(Extracted records)
(* Let $R$ be a commutative ring, $n\ge2$, and $\varepsilon\in{\rm E}_{2n}(R)$. Then there exists $\rho\in{\rm E}_{\psi_n}(R)$ such that $(1\perp\rho)\,\varepsilon\in{\rm ESp}_{2n}(R)$.
   Context: All rings are commutative with identity. ${\rm E}_m(R)$ is the subgroup of ${\rm SL}_m(R)$ generated by $E_{ij}(\lambda)=I_m+\lambda e_{ij}$ ($i\neq j$). $\psi_n=\sum_{i=1}^n e_{2i-1,2i}-\sum_{i=1}^n e_{2i,2i-1}$. $1\perp\rho$ denotes $\begin{pmatrix}1&0\\0&\rho\end{pmatrix}$. Let $\sigma$ be the permutation with $\sigma(2i)=2i-1$, $\sigma(2i-1)=2i$. For $z\in R$, $1\le i\ne j\le 2n$, set $se_{ij}(z)=I_{2n}+ze_{ij}$ if $i=\sigma(j)$, and $se_{ij}(z)=I_{2n}+ze_{ij}-(-1)^{i+j}ze_{\sigma(j)\sigma(i)}$ if $i\ne\sigma(j)$. ${\rm ESp}_{2n}(R)$ is the subgroup of ${\rm GL}_{2n}(R)$ generated by all $se_{ij}(z)$ (it is contained in $\{\alpha:\alpha^t\psi_n\alpha=\psi_n\}$). Elements of $R^m$ are row vectors, ${}^t$ is transpose. For an invertible alternating (of the form $\nu-\nu^t$) $2n\times2n$ matrix $\varphi$ write $\varphi=\begin{pmatrix}0&-c\\ c^t&\nu\end{pmatrix}$, $\varphi^{-1}=\begin{pmatrix}0&d\\ -d^t&\mu\end{pmatrix}$ with $c,d\in R^{2n-1}$, and set $\alpha_\varphi(v)=I_{2n-1}+d^tv\nu$, $\beta_\varphi(v)=I_{2n-1}+\mu v^tc$; ${\rm E}_\varphi(R)$ is the subgroup of ${\rm GL}_{2n-1}(R)$ generated by all $\alpha_\varphi(v),\beta_\varphi(v)$, $v\in R^{2n-1}$. *)

theory Defs
  imports "Jordan_Normal_Form.Matrix"
begin

text \<open>All index
  arguments below (i, j, sigma) use the paper's 1-based indices; entry (i,j) of the
  paper is entry (i-1,j-1) of the JNF matrix.\<close>

inductive_set gen_subgroup :: "nat \<Rightarrow> 'a::comm_ring_1 mat set \<Rightarrow> 'a mat set"
  for m :: nat and G :: "'a mat set" where
  gen_one: "1\<^sub>m m \<in> gen_subgroup m G"
| gen_gen: "g \<in> G \<Longrightarrow> g \<in> gen_subgroup m G"
| gen_mult: "A \<in> gen_subgroup m G \<Longrightarrow> B \<in> gen_subgroup m G \<Longrightarrow> A * B \<in> gen_subgroup m G"
| gen_inv: "A \<in> gen_subgroup m G \<Longrightarrow> B \<in> carrier_mat m m \<Longrightarrow> A * B = 1\<^sub>m m
            \<Longrightarrow> B * A = 1\<^sub>m m \<Longrightarrow> B \<in> gen_subgroup m G"

definition unit_mat :: "nat \<Rightarrow> nat \<Rightarrow> nat \<Rightarrow> 'a::comm_ring_1 mat" where
  "unit_mat m i j = mat m m (\<lambda>(r, c). if r + 1 = i \<and> c + 1 = j then 1 else 0)"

● **EXERCISE DESCRIPTION**
What is needed is the count of lines in the records that include the word "Longrightarrow", with no other text.

● **TASK RESPONSE**
4